lemma phi_has_derivative: "p \<in> S3 \<Longrightarrow> (\<phi> has_derivative frechet_derivative \<phi> (at p)) (at p)"
  using phi_differentiable frechet_derivative_works by blast

lemma F_real: "cnj (F p) = F p"
  by (simp add: F_def)

lemma cmod_phi_sq_less_1: "p \<in> S3 \<Longrightarrow> (cmod (\<phi> p))\<^sup>2 < 1"
  using small by (simp add: abs_square_less_1)

lemma F_nonzero: "p \<in> S3 \<Longrightarrow> F p \<noteq> 0"
  using cmod_phi_sq_less_1[of p] by (simp add: F_def)

lemma F_squared_eq: "p \<in> S3 \<Longrightarrow> (F p)\<^sup>2 * (1 - \<phi> p * cnj (\<phi> p)) = 1"
proof -
  assume p: "p \<in> S3"
  then have "((1 - (cmod (\<phi> p))\<^sup>2) powr (-1/2))\<^sup>2 * (1 - (cmod (\<phi> p))\<^sup>2) = 1"
    using powr_neg_half_squared[of "1 - (cmod (\<phi> p))\<^sup>2"] cmod_phi_sq_less_1[OF p] by simp
  then have "complex_of_real (((1 - (cmod (\<phi> p))\<^sup>2) powr (-1/2))\<^sup>2 * (1 - (cmod (\<phi> p))\<^sup>2)) = 1"
    by simp
  then show ?thesis by (simp add: F_def complex_norm_square[symmetric])
qed

lemma pairing_dfun_F:
  assumes "p \<in> S3"
  shows "pairing (dfun F p) v =
    (F p) ^ 3 / 2 * (cnj (\<phi> p) * pairing (dfun \<phi> p) v + \<phi> p * cnj (pairing (dfun \<phi> p) (vconj v)))"
  using dfun_eq_wirtinger_covec[OF has_derivative_inverse_sqrt_one_minus_cmod_sq
      [OF phi_has_derivative[OF assms] small[OF assms]]]
    dfun_eq_wirtinger_covec[OF phi_has_derivative[OF assms]]
  by (cases v) (simp add: wirtinger_covec_def pairing_def vconj_def F_def field_simps)

lemma F_differentiable: "p \<in> S3 \<Longrightarrow> F differentiable (at p)"
  unfolding F_def
  using has_derivative_inverse_sqrt_one_minus_cmod_sq[OF phi_has_derivative small] by (rule differentiableI)

lemma pairing_dfun_cnj_phi_Z1bar:
  "(z1, z2) \<in> S3 \<Longrightarrow>
    pairing (dfun (\<lambda>p. cnj (\<phi> p)) (z1, z2)) (Z1bar (z1, z2)) = cnj (pairing (dfun \<phi> (z1, z2)) (Z1 (z1, z2)))"
  by (simp add: pairing_dfun_cnj[OF phi_has_derivative] vconj_frame)

lemma pairing_om: "pairing (om p) v = -2 * \<i> * pairing (theta p) v - inverse (F p) * pairing (dfun F p) v
     - inverse (F p) * (B11 p * pairing (theta1 p) v + B12 p * pairing (theta1bar p) v + B13 p * pairing (theta p) v)"
  by (simp add: om_def conn_std_def pairing_fminus pairing_fscale pairing_fadd)

abbreviation structure_rhs :: form2 where
  "structure_rhs \<equiv> f2add (wedge vt1 om) (wedge theta (fscale A (fconj vt1)))"

lemma structure_equation_Z1_Z1bar:
  assumes p: "(z1, z2) \<in> S3"
  shows "extd vt1 (z1, z2) (Z1 (z1, z2)) (Z1bar (z1, z2)) = structure_rhs (z1, z2) (Z1 (z1, z2)) (Z1bar (z1, z2))"
  unfolding vt1_def structure_rhs_frame[OF S3_cnj_eq[OF p]]
    extd_deformed_coframe[OF F_differentiable[OF p] phi_differentiable[OF p]] pairing_om coframe_dual_frame[OF S3_cnj_eq[OF p]]
    coefficient_defs vfield_eq_pairing pairing_dfun_cnj_phi_Z1bar[OF p]
    complex_norm_square
  using F_nonzero[OF p]
  apply (simp add: Z1_def Z1bar_def Treeb_def field_simps)
  using S3_cnj_eq[OF p] F_squared_eq[OF p] i_squared by algebra

lemma structure_equation_Z1_T:
  assumes p: "(z1, z2) \<in> S3"
  shows "extd vt1 (z1, z2) (Z1 (z1, z2)) (Treeb (z1, z2)) = structure_rhs (z1, z2) (Z1 (z1, z2)) (Treeb (z1, z2))"
  unfolding vt1_def structure_rhs_frame[OF S3_cnj_eq[OF p]]
    extd_deformed_coframe[OF F_differentiable[OF p] phi_differentiable[OF p]] pairing_om coframe_dual_frame[OF S3_cnj_eq[OF p]]
    coefficient_defs A_def vfield_eq_pairing pairing_dfun_cnj_phi_Z1bar[OF p]
    complex_norm_square
  using F_nonzero[OF p]
  apply (simp add: Z1_def Z1bar_def Treeb_def F_real field_simps)
  using S3_cnj_eq[OF p] F_squared_eq[OF p] i_squared by algebra

lemma structure_equation_Z1bar_T:
  assumes p: "(z1, z2) \<in> S3"
  shows "extd vt1 (z1, z2) (Z1bar (z1, z2)) (Treeb (z1, z2)) = structure_rhs (z1, z2) (Z1bar (z1, z2)) (Treeb (z1, z2))"
  unfolding vt1_def structure_rhs_frame[OF S3_cnj_eq[OF p]]
    extd_deformed_coframe[OF F_differentiable[OF p] phi_differentiable[OF p]] pairing_om coframe_dual_frame[OF S3_cnj_eq[OF p]]
    coefficient_defs A_def vfield_eq_pairing pairing_dfun_cnj_phi_Z1bar[OF p]
    complex_norm_square
  using F_nonzero[OF p]
  apply (simp add: Z1_def Z1bar_def Treeb_def F_real field_simps)
  using S3_cnj_eq[OF p] F_squared_eq[OF p] i_squared by algebra

lemma structure_equation: "eq2_S3 (extd vt1) structure_rhs"
  by (rule eq2_S3_frameI[OF alternating_bilinear_extd
        alternating_bilinear_f2add[OF alternating_bilinear_wedge alternating_bilinear_wedge]
        structure_equation_Z1_Z1bar structure_equation_Z1_T structure_equation_Z1bar_T])

lemma connection_skew_Z1:
  assumes p: "(z1, z2) \<in> S3"
  shows "pairing (om (z1, z2)) (Z1 (z1, z2)) + cnj (pairing (om (z1, z2)) (Z1bar (z1, z2))) = 0"
  unfolding pairing_om coframe_dual_frame[OF S3_cnj_eq[OF p]] pairing_dfun_F[OF p] vconj_frame
    coefficient_defs vfield_eq_pairing pairing_dfun_cnj_phi_Z1bar[OF p]
    complex_norm_square
  using F_nonzero[OF p]
  apply (simp add: Z1_def Z1bar_def Treeb_def F_real field_simps)
  using S3_cnj_eq[OF p] F_squared_eq[OF p] i_squared by algebra

lemma connection_skew_T:
  assumes p: "(z1, z2) \<in> S3"
  shows "pairing (om (z1, z2)) (Treeb (z1, z2)) + cnj (pairing (om (z1, z2)) (Treeb (z1, z2))) = 0"
  unfolding pairing_om coframe_dual_frame[OF S3_cnj_eq[OF p]] pairing_dfun_F[OF p] vconj_frame
    coefficient_defs vfield_eq_pairing pairing_dfun_cnj_phi_Z1bar[OF p]
    complex_norm_square
  using F_nonzero[OF p] by (simp add: Z1_def Z1bar_def Treeb_def F_real field_simps)

lemma connection_skew: "eq1_S3 (fadd om (fconj om)) (\<lambda>_. (0, 0, 0, 0))"
proof (rule eq1_S3_frameI)
  fix z1 z2 E assume p: "(z1, z2) \<in> S3" and "E \<in> {Z1 (z1, z2), Z1bar (z1, z2), Treeb (z1, z2)}"
  moreover have "pairing (om (z1, z2)) (Z1bar (z1, z2)) + cnj (pairing (om (z1, z2)) (Z1 (z1, z2))) = 0"
    using arg_cong[OF connection_skew_Z1[OF p], of cnj] by (simp add: add.commute)
  ultimately show "pairing (fadd om (fconj om) (z1, z2)) E = pairing (0, 0, 0, 0) E"
    using connection_skew_Z1[OF p] connection_skew_T[OF p]
    by (auto simp: pairing_fadd pairing_fconj vconj_frame pairing_zero)
qed

lemma is_conn_torsion: "is_conn_torsion vt1 om A"
  unfolding is_conn_torsion_def using structure_equation connection_skew ..

end

theorem corollary4p2:
  fixes \<phi> :: "pt \<Rightarrow> complex" and U :: "pt set"
  assumes U_open: "open U" and U_S3: "S3 \<subseteq> U"
    and smooth: "smooth_on U \<phi>"
    and small: "\<forall>p\<in>S3. cmod (\<phi> p) < 1"
  defines "F \<equiv> \<lambda>p. complex_of_real ((1 - (cmod (\<phi> p))\<^sup>2) powr (-1/2))"
  defines "vt1 \<equiv> fscale F (fminus theta1 (fscale \<phi> theta1bar))"
  defines "\<phi>1 \<equiv> vfield Z1 \<phi>" and "\<phi>b1 \<equiv> vfield Z1bar (\<lambda>p. cnj (\<phi> p))"
  defines "F1 \<equiv> vfield Z1 F" and "Fb1 \<equiv> vfield Z1bar F" and "\<phi>0 \<equiv> vfield Treeb \<phi>"
  defines "B11 \<equiv> \<lambda>p. (F p)\<^sup>2 * (- 2 * F1 p - F p * \<phi>b1 p - cnj (\<phi> p) * F p * \<phi>1 p
                                  - 2 * cnj (\<phi> p) * Fb1 p)"
  defines "B12 \<equiv> \<lambda>p. (F p)\<^sup>2 * (2 * of_real ((cmod (\<phi> p))\<^sup>2) * Fb1 p + F p * \<phi>1 p
                                  + \<phi> p * F p * \<phi>b1 p + 2 * \<phi> p * F1 p)"
  defines "B13 \<equiv> \<lambda>p. - cnj (\<phi> p) * (F p) ^ 3 * (\<phi>0 p - 4 * \<i> * \<phi> p)"
  defines "om \<equiv> fminus (fminus conn_std (fscale (\<lambda>p. inverse (F p)) (dfun F)))
                  (fscale (\<lambda>p. inverse (F p))
                     (fadd (fadd (fscale B11 theta1) (fscale B12 theta1bar)) (fscale B13 theta)))"
  defines "A \<equiv> \<lambda>p. - (F p)\<^sup>2 * (\<phi>0 p - 4 * \<i> * \<phi> p)"
  shows "is_conn_torsion vt1 om A \<and>
         (\<forall>om' A'. is_conn_torsion vt1 om' A' \<longrightarrow> eq1_S3 om' om \<and> (\<forall>p\<in>S3. A' p = A p))"
proof -
  have "\<phi> differentiable (at p)" if "p \<in> S3" for p
    using smooth_on_has_derivative[OF smooth U_open] U_S3 that by (blast intro: differentiableI)
  then interpret deformed: deformed_structure \<phi> F \<phi>1 \<phi>b1 F1 Fb1 \<phi>0 B11 B12 B13 A vt1 om
    using small by unfold_locales (simp_all add: F_def vt1_def \<phi>1_def \<phi>b1_def F1_def Fb1_def \<phi>0_def
        B11_def B12_def B13_def om_def A_def)
  have "eq1_S3 om' om \<and> (\<forall>p\<in>S3. A' p = A p)" if "is_conn_torsion vt1 om' A'" for om' A'
    using is_conn_torsion_unique[OF deformed.F_real deformed.F_nonzero deformed.small
        deformed.is_conn_torsion[unfolded vt1_def] that[unfolded vt1_def]] .
  with deformed.is_conn_torsion show ?thesis by blast
qed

━━━━━━

What is needed — Starting at the top of the data above, repeat every line exactly until the line containing "p) * pairing (dfun F p) v" has been given, then stop.

Answer for this exercise —
lemma phi_has_derivative: "p \<in> S3 \<Longrightarrow> (\<phi> has_derivative frechet_derivative \<phi> (at p)) (at p)"
  using phi_differentiable frechet_derivative_works by blast

lemma F_real: "cnj (F p) = F p"
  by (simp add: F_def)

lemma cmod_phi_sq_less_1: "p \<in> S3 \<Longrightarrow> (cmod (\<phi> p))\<^sup>2 < 1"
  using small by (simp add: abs_square_less_1)

lemma F_nonzero: "p \<in> S3 \<Longrightarrow> F p \<noteq> 0"
  using cmod_phi_sq_less_1[of p] by (simp add: F_def)

lemma F_squared_eq: "p \<in> S3 \<Longrightarrow> (F p)\<^sup>2 * (1 - \<phi> p * cnj (\<phi> p)) = 1"
proof -
  assume p: "p \<in> S3"
  then have "((1 - (cmod (\<phi> p))\<^sup>2) powr (-1/2))\<^sup>2 * (1 - (cmod (\<phi> p))\<^sup>2) = 1"
    using powr_neg_half_squared[of "1 - (cmod (\<phi> p))\<^sup>2"] cmod_phi_sq_less_1[OF p] by simp
  then have "complex_of_real (((1 - (cmod (\<phi> p))\<^sup>2) powr (-1/2))\<^sup>2 * (1 - (cmod (\<phi> p))\<^sup>2)) = 1"
    by simp
  then show ?thesis by (simp add: F_def complex_norm_square[symmetric])
qed

lemma pairing_dfun_F:
  assumes "p \<in> S3"
  shows "pairing (dfun F p) v =
    (F p) ^ 3 / 2 * (cnj (\<phi> p) * pairing (dfun \<phi> p) v + \<phi> p * cnj (pairing (dfun \<phi> p) (vconj v)))"
  using dfun_eq_wirtinger_covec[OF has_derivative_inverse_sqrt_one_minus_cmod_sq
      [OF phi_has_derivative[OF assms] small[OF assms]]]
    dfun_eq_wirtinger_covec[OF phi_has_derivative[OF assms]]
  by (cases v) (simp add: wirtinger_covec_def pairing_def vconj_def F_def field_simps)

lemma F_differentiable: "p \<in> S3 \<Longrightarrow> F differentiable (at p)"
  unfolding F_def
  using has_derivative_inverse_sqrt_one_minus_cmod_sq[OF phi_has_derivative small] by (rule differentiableI)

lemma pairing_dfun_cnj_phi_Z1bar:
  "(z1, z2) \<in> S3 \<Longrightarrow>
    pairing (dfun (\<lambda>p. cnj (\<phi> p)) (z1, z2)) (Z1bar (z1, z2)) = cnj (pairing (dfun \<phi> (z1, z2)) (Z1 (z1, z2)))"
  by (simp add: pairing_dfun_cnj[OF phi_has_derivative] vconj_frame)

lemma pairing_om: "pairing (om p) v = -2 * \<i> * pairing (theta p) v - inverse (F p) * pairing (dfun F p) v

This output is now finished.